Es extraña la atracción que nos provoca el agua cuando la observamos desde lo alto del acantilado. En el espejo abierto del horizonte vemos reflejados los rostros de todos aquellos que intentaron ir más allá. Más allá del azar en el que se resumía su desconocimiento y el nuestro, su curiosidad excesiva, demasiado potente como para negarse a indagar. ¿Qué hay detrás de las olas? ¿Cómo navegar y hacia dónde? La tierra siempre se asomó al océano con ademán inquieto, preguntándose por aquellos que partieron para no volver jamás. Nos ata a la isla el ancla de la certeza, la verdad cultivada en tierra firme, la sabiduría del alquimista que ideó la matemática. Pero en la oscuridad de la noche, al sonido de las olas que rompen sobre las rocas, nos preguntamos por la ubicuidad y la incerteza, por el sabor a sal del misterio que se esconde en el regazo de las sirenas, por la extraña sensación de que hay algo oculto tras la precisión con la que resolvemos una suma.

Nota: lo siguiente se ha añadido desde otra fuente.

lemma expected_objective_average_le:
  fixes T :: nat and L R D :: real and xs :: "real^'n" and d :: "nat \<times> nat"
  assumes "T \<ge> 1" "L \<ge> 0"
    and grad_bound: "\<And>h t i. \<forall>t. h t \<in> {1..I} \<times> {1..J} \<Longrightarrow> i \<in> {1..I} \<Longrightarrow>
                       norm (gf i (orbcd_iter gf g blk L h t)) \<le> R"
    and dist_bound: "\<And>h t. \<forall>t. h t \<in> {1..I} \<times> {1..J} \<Longrightarrow> norm (xs - orbcd_iter gf g blk L h t) \<le> D"
    and xs_min: "\<And>y. objective xs \<le> objective y"
  defines "P \<equiv> Pi_pmf {..<T - 1} d (\<lambda>_. pmf_of_set ({1..I} \<times> {1..J}))"
    and "C \<equiv> real J * ((sqrt (real T) + L) / 2 * D\<^sup>2 + sqrt (real T) * R\<^sup>2 + regularizer 0 - regularizer xs)"
  shows "measure_pmf.expectation P
           (\<lambda>h. objective ((1 / real T) *\<^sub>R (\<Sum>k<T. orbcd_iter gf g blk L h k)))
         \<le> objective xs + C / real T"
proof -
  obtain m where m: "T = Suc m"
    using \<open>T \<ge> 1\<close> by (cases T) auto
  let ?x = "orbcd_iter gf g blk L"
  define gap where "gap k = (\<lambda>h. descent_gap R (sqrt (real (Suc k)) + L) xs (?x h k) (?x h (Suc k)))" for k
  have fin: "finite (set_pmf P)"
    unfolding P_def using I_pos J_pos by (intro finite_set_Pi_pmf) auto
  have "measure_pmf.expectation P (\<lambda>h. objective ((1 / real T) *\<^sub>R (\<Sum>k<T. ?x h k)))
      \<le> measure_pmf.expectation P (\<lambda>h. (1 / real T) * ((\<Sum>k<m. gap k h) + C + real T * objective xs))"
  proof (intro integral_mono_AE integrable_measure_pmf_finite[OF fin] AE_pmfI)
    fix h assume "h \<in> set_pmf P"
    then have "(1 / real T) * (\<Sum>k<T. objective (?x h k))
        \<le> (1 / real T) * ((\<Sum>k<m. gap k h) + C + real T * objective xs)"
      using sum_objective_iterates_le[OF \<open>L \<ge> 0\<close> _ grad_bound dist_bound xs_min]
      unfolding P_def gap_def C_def m by (intro mult_left_mono) auto
    with convex_on_average_le[OF objective_convex \<open>T \<ge> 1\<close>]
    show "objective ((1 / real T) *\<^sub>R (\<Sum>k<T. ?x h k))
        \<le> (1 / real T) * ((\<Sum>k<m. gap k h) + C + real T * objective xs)"
      by (rule order_trans)
  qed
  also have "\<dots> = (1 / real T) * ((\<Sum>k<m. measure_pmf.expectation P (gap k)) + C + real T * objective xs)"
    by (simp add: integrable_measure_pmf_finite[OF fin])
  also have "\<dots> \<le> (1 / real T) * (C + real T * objective xs)"
  proof -
    have "measure_pmf.expectation P (gap k) \<le> 0" if "k < m" for k
      unfolding P_def m diff_Suc_1 gap_def by (rule expected_descent_gap_nonpos[OF \<open>L \<ge> 0\<close> that grad_bound])
    then show ?thesis
      by (intro mult_left_mono add_right_mono) (auto intro: sum_nonpos)
  qed
  also have "\<dots> = objective xs + C / real T"
    using \<open>T \<ge> 1\<close> by (simp add: field_simps)
  finally show ?thesis .
qed

end

theorem theorem3:
  fixes f :: "nat \<Rightarrow> real^'n \<Rightarrow> real"
    and gf :: "nat \<Rightarrow> real^'n \<Rightarrow> real^'n"
    and g :: "nat \<Rightarrow> real^'n \<Rightarrow> real"
    and blk :: "nat \<Rightarrow> 'n set"
    and I J T :: nat
    and Lj :: "nat \<Rightarrow> real"
    and Rf D :: real
    and X :: "(real^'n) set"
    and xstar :: "real^'n"
  assumes I_pos: "I \<ge> 1" and J_pos: "J \<ge> 1" and T_pos: "T \<ge> 1"
    and blk_nonempty: "\<forall>j\<in>{1..J}. blk j \<noteq> {}"
    and blk_disj: "\<forall>j\<in>{1..J}. \<forall>j'\<in>{1..J}. j \<noteq> j' \<longrightarrow> blk j \<inter> blk j' = {}"
    and blk_cover: "(\<Union>j\<in>{1..J}. blk j) = UNIV"
    and f_convex: "\<forall>i\<in>{1..I}. convex_on UNIV (f i)"
    and f_grad: "\<forall>i\<in>{1..I}. \<forall>x. (f i has_derivative (\<lambda>h. gf i x \<bullet> h)) (at x)"
    and g_convex: "\<forall>j\<in>{1..J}. convex_on UNIV (g j)"
    and g_block: "\<forall>j\<in>{1..J}. \<forall>x y. (\<forall>k\<in>blk j. x $ k = y $ k) \<longrightarrow> g j x = g j y"
    and xstar_min: "\<forall>y. (1 / real I) * (\<Sum>i\<in>{1..I}. f i xstar) + (\<Sum>j\<in>{1..J}. g j xstar)
                       \<le> (1 / real I) * (\<Sum>i\<in>{1..I}. f i y) + (\<Sum>j\<in>{1..J}. g j y)"
    and blk_lip: "\<forall>i\<in>{1..I}. \<forall>j\<in>{1..J}. \<forall>x h. (\<forall>k. k \<notin> blk j \<longrightarrow> h $ k = 0) \<longrightarrow>
          norm (blk_proj (blk j) (gf i (x + h)) - blk_proj (blk j) (gf i x)) \<le> Lj j * norm h"
    and grad_bound: "\<forall>h. (\<forall>k. h k \<in> {1..I} \<times> {1..J}) \<longrightarrow> (\<forall>t. \<forall>i\<in>{1..I}.
          norm (gf i (orbcd_iter gf g blk (Max (Lj ` {1..J})) h t)) \<le> Rf)"
    and iter_in_X: "\<forall>h. (\<forall>k. h k \<in> {1..I} \<times> {1..J}) \<longrightarrow>
          (\<forall>t. orbcd_iter gf g blk (Max (Lj ` {1..J})) h t \<in> X)"
    and xstar_in_X: "xstar \<in> X"
    and X_bounded: "bounded X" and X_diam: "diameter X = D"
  shows "\<forall>x. measure_pmf.expectation
              (Pi_pmf {..<T - 1} undefined (\<lambda>_. pmf_of_set ({1..I} \<times> {1..J})))
              (\<lambda>h. let xbar = (1 / real T) *\<^sub>R (\<Sum>k<T. orbcd_iter gf g blk (Max (Lj ` {1..J})) h k)
                   in (1 / real I) * (\<Sum>i\<in>{1..I}. f i xbar) + (\<Sum>j\<in>{1..J}. g j xbar))
            - ((1 / real I) * (\<Sum>i\<in>{1..I}. f i x) + (\<Sum>j\<in>{1..J}. g j x))
          \<le> real J * ((sqrt (real T) + Max (Lj ` {1..J})) / 2 * D\<^sup>2 + sqrt (real T) * Rf\<^sup>2
                + (\<Sum>j\<in>{1..J}. g j 0) - (\<Sum>j\<in>{1..J}. g j xstar)) / real T"
proof -
  interpret block_composite_problem f gf g blk I J
    using I_pos blk_disj blk_cover f_convex f_grad g_convex g_block by unfold_locales auto
  define L where "L = Max (Lj ` {1..J})"
  have "L \<ge> 0"
  proof -
    obtain k where "k \<in> blk 1"
      using blk_nonempty J_pos by fastforce
    then have "Lj 1 \<ge> 0"
      using blk_lip I_pos J_pos by (intro block_Lipschitz_const_nonneg[of k "blk 1" "gf 1"]) auto
    also have "Lj 1 \<le> L"
      unfolding L_def using J_pos by (intro Max_ge) auto
    finally show ?thesis .
  qed
  moreover have "norm (xstar - orbcd_iter gf g blk L h t) \<le> D" if "\<forall>t. h t \<in> {1..I} \<times> {1..J}" for h t
    using diameter_bounded_bound[OF X_bounded xstar_in_X] iter_in_X that X_diam
    by (simp add: L_def dist_norm)
  ultimately have "measure_pmf.expectation (Pi_pmf {..<T - 1} undefined (\<lambda>_. pmf_of_set ({1..I} \<times> {1..J})))
      (\<lambda>h. objective ((1 / real T) *\<^sub>R (\<Sum>k<T. orbcd_iter gf g blk L h k)))
    \<le> objective xstar + real J * ((sqrt (real T) + L) / 2 * D\<^sup>2 + sqrt (real T) * Rf\<^sup>2
          + regularizer 0 - regularizer xstar) / real T"
    using grad_bound xstar_min unfolding L_def
    by (intro expected_objective_average_le[OF T_pos]) (auto simp: objective_def regularizer_def)
  then show ?thesis
    using xstar_min unfolding objective_def regularizer_def Let_def L_def by (smt (verit))
qed

end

Volvemos atrás la mirada y regresamos a la cueva cabizbajos. Nos decimos que nada sabremos si no somos capaces de embarcar. Que necesitamos sentir por una vez al menos el empuje feroz del oleaje, la indomable palpitación del océano, la cercanía de la muerte descarnada que se oculta bajo la quilla. Por una vez al menos la vida debería enfrentarse al límite, y siempre el límite está más allá del océano. Si logras traspasarlo, dicen que ya nada será igual en tu mirada, y que ya nada detendrá tus pasos, ni siquiera la quietud del vaivén imperceptible del barco anclado en la rada.
La tierra y el mar trazan nuestras fronteras, dibujan los espacios donde habitar. No busquemos más allá de ellos. No hay más allá. Quizás los límites estén en el interior de nuestras mentes, y los desafíos no sean sino meras especulaciones desplegadas sobe un mapa virtual. Quizás.